* _Your instructions_
Give again, unaltered, the lines of the listing below that run from the line having "Or p (bigOr" through the line having "C (NAtom a)".

* _Data in this exercise_

= = = = = = =

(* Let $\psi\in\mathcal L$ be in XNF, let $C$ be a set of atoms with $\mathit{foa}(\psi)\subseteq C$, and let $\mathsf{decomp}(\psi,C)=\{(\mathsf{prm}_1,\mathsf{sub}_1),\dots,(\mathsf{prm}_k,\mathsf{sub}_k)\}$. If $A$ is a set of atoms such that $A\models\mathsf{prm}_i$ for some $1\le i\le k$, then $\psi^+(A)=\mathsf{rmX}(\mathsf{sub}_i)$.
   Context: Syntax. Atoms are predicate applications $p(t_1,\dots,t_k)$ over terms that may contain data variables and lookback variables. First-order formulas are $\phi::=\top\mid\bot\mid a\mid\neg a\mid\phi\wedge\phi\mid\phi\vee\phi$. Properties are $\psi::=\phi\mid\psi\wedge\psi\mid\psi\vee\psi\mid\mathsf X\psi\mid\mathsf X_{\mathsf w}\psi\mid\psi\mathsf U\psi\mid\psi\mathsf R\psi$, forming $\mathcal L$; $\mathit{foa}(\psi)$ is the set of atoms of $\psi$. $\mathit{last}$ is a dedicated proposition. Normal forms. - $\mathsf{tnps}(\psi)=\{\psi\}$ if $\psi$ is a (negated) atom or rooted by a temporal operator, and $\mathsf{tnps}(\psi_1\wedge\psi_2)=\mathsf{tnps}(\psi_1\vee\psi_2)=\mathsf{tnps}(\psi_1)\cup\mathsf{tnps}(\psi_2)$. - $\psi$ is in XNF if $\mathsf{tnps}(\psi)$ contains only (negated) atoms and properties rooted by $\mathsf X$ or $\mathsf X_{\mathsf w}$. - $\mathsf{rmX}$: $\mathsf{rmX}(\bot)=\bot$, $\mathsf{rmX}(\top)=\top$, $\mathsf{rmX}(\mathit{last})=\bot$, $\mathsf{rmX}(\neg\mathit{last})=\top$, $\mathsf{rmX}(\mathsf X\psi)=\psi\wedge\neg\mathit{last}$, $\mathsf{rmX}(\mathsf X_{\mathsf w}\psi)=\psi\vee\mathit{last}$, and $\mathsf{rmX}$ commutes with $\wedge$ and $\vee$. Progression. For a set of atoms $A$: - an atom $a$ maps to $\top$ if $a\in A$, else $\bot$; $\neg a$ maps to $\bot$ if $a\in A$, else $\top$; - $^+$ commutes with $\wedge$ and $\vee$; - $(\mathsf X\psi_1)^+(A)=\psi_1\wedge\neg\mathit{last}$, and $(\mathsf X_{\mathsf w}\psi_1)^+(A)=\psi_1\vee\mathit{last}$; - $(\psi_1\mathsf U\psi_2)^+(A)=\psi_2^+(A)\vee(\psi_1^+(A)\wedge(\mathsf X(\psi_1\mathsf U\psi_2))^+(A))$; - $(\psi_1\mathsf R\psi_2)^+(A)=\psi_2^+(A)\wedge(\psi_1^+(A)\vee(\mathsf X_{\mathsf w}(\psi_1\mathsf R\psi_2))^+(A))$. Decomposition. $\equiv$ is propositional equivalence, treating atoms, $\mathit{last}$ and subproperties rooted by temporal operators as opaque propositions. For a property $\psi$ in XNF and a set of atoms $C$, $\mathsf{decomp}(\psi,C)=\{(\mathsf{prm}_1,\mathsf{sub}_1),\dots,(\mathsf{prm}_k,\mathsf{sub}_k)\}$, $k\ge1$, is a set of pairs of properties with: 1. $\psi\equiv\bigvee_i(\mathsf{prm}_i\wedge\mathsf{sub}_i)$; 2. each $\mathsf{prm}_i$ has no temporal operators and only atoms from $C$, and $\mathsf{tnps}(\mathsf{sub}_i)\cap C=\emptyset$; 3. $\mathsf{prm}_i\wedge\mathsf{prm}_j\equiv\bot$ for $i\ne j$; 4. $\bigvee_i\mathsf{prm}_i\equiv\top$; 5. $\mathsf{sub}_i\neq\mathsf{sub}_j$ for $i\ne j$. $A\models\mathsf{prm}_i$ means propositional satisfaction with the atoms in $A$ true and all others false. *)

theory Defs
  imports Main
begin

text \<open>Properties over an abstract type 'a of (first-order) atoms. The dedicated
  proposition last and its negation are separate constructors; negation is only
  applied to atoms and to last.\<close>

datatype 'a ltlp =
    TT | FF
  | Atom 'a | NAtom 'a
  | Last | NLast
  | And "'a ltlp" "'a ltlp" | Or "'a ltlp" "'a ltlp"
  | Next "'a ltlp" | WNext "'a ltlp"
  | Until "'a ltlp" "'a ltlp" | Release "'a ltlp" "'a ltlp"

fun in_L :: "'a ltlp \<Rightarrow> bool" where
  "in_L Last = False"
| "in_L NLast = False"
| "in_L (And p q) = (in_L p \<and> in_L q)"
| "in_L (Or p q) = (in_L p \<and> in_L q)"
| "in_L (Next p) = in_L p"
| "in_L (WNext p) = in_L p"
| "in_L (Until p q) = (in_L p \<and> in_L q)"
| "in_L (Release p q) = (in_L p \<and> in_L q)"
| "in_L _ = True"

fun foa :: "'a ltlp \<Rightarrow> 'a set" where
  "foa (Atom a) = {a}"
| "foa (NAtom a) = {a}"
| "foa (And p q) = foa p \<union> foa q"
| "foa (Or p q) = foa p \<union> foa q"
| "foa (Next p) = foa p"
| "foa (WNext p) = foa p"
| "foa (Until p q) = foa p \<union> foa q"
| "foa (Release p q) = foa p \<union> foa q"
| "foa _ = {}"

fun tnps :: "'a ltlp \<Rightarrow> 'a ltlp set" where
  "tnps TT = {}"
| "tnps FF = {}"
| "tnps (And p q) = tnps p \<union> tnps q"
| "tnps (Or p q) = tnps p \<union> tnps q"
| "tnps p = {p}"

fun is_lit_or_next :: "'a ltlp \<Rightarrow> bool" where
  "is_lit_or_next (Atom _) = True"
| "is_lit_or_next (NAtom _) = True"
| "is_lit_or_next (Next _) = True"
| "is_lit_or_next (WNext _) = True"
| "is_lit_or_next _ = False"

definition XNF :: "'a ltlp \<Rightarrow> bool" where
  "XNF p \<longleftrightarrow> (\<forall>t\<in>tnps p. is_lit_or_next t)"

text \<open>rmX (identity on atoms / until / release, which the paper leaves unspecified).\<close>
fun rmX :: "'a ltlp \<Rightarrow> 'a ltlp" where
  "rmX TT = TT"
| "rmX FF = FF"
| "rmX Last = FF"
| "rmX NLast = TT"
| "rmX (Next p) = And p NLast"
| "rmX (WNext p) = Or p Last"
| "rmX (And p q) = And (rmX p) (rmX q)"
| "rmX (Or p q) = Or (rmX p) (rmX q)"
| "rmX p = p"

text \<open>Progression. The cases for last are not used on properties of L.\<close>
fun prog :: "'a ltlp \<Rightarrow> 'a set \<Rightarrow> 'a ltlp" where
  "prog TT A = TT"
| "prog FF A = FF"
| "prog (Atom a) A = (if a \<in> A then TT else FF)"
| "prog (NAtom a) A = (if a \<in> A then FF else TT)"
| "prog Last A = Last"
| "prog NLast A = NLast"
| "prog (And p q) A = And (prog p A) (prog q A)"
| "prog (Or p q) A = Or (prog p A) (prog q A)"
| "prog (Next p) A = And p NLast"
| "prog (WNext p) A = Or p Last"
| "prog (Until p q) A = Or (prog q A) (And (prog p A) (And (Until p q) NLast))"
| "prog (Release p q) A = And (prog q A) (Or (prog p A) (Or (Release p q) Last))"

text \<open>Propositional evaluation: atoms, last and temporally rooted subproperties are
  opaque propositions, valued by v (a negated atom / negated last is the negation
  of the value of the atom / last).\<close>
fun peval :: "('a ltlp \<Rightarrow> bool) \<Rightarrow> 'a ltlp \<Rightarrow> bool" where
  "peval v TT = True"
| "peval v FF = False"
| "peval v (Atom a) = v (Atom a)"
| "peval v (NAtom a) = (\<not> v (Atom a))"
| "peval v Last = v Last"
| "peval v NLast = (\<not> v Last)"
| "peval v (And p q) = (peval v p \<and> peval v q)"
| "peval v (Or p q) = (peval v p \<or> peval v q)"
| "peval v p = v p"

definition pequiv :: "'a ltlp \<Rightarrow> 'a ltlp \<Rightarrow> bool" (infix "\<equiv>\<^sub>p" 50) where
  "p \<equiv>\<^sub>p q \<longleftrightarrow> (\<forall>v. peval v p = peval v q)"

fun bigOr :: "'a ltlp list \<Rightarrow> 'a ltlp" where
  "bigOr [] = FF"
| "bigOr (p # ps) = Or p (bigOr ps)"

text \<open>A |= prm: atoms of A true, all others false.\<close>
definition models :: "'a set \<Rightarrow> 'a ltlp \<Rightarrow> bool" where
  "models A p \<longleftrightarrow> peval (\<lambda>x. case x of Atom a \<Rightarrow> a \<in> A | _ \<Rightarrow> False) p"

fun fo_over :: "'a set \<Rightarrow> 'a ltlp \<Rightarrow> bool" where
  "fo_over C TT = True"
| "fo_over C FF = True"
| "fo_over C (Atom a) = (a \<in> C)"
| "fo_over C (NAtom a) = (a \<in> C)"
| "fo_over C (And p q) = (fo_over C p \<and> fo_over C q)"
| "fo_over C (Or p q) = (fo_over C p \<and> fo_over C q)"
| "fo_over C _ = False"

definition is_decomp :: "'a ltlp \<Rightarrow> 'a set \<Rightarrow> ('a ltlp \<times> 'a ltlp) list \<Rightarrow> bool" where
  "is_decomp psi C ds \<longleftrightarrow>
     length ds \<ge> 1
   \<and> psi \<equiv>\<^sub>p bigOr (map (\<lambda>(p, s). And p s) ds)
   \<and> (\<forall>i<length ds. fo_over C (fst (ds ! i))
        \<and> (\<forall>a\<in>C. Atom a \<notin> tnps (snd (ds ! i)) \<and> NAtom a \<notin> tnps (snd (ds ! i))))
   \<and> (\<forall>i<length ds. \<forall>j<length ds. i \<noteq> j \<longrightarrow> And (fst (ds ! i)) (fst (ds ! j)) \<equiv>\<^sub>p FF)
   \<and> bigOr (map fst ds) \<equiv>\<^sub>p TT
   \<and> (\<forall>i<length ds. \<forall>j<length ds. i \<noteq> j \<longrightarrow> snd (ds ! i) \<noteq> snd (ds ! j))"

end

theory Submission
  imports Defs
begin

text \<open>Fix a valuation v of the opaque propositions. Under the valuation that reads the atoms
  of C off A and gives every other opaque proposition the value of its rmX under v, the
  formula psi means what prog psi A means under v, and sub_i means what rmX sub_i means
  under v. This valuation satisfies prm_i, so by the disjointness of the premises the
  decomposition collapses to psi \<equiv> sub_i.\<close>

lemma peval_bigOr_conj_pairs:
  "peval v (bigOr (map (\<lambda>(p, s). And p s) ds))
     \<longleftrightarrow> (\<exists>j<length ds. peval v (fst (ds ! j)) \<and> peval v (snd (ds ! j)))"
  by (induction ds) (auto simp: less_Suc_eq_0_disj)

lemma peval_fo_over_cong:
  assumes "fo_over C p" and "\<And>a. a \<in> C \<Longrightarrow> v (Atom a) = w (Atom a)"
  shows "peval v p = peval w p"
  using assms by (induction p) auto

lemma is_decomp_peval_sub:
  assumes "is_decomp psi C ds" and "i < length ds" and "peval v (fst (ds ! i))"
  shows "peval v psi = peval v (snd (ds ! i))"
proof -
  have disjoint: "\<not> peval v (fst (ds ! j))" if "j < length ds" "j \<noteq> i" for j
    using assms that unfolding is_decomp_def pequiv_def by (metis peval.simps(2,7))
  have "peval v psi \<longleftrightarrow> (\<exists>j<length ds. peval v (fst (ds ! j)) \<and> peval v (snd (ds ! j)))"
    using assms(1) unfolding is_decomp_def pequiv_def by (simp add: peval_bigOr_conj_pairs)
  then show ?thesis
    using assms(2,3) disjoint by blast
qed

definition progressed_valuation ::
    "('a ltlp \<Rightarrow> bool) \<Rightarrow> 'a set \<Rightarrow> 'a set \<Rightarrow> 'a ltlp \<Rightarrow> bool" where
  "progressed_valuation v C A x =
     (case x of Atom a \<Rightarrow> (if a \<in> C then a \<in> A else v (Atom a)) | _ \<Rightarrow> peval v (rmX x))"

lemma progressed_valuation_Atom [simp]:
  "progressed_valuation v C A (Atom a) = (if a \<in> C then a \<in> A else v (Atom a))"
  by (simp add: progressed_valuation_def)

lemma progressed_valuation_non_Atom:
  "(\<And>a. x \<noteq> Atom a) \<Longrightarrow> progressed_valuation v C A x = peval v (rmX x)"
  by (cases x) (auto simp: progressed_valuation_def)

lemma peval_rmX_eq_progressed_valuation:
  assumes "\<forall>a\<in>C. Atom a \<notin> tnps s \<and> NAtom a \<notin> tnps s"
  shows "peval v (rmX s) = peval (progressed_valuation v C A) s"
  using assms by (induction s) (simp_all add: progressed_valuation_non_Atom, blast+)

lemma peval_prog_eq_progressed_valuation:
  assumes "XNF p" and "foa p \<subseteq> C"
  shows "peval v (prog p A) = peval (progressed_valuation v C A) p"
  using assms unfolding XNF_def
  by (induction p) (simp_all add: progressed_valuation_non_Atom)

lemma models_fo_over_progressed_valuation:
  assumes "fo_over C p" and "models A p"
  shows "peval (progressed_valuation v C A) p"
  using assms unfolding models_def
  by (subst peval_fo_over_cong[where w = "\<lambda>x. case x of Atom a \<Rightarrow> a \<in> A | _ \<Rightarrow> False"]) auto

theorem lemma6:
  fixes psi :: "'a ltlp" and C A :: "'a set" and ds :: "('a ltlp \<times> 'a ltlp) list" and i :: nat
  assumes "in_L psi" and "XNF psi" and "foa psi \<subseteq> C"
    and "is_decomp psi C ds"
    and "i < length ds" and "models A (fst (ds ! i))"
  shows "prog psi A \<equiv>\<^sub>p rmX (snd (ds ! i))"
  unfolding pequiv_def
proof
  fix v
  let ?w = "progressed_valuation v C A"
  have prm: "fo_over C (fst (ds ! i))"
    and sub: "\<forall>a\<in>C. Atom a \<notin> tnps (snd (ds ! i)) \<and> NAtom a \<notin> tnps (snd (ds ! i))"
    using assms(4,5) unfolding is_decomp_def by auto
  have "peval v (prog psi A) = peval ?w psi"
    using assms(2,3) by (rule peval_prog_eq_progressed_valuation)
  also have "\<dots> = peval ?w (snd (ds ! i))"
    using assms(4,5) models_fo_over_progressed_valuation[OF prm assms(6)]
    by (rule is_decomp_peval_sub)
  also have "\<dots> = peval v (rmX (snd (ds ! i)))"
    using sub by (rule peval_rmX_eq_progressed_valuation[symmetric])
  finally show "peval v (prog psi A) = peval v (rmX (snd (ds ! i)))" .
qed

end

= = = = = = =

* _Exercise output_
| "bigOr (p # ps) = Or p (bigOr ps)"

text \<open>A |= prm: atoms of A true, all others false.\<close>
definition models :: "'a set \<Rightarrow> 'a ltlp \<Rightarrow> bool" where
  "models A p \<longleftrightarrow> peval (\<lambda>x. case x of Atom a \<Rightarrow> a \<in> A | _ \<Rightarrow> False) p"

fun fo_over :: "'a set \<Rightarrow> 'a ltlp \<Rightarrow> bool" where
  "fo_over C TT = True"
| "fo_over C FF = True"
| "fo_over C (Atom a) = (a \<in> C)"
| "fo_over C (NAtom a) = (a \<in> C)"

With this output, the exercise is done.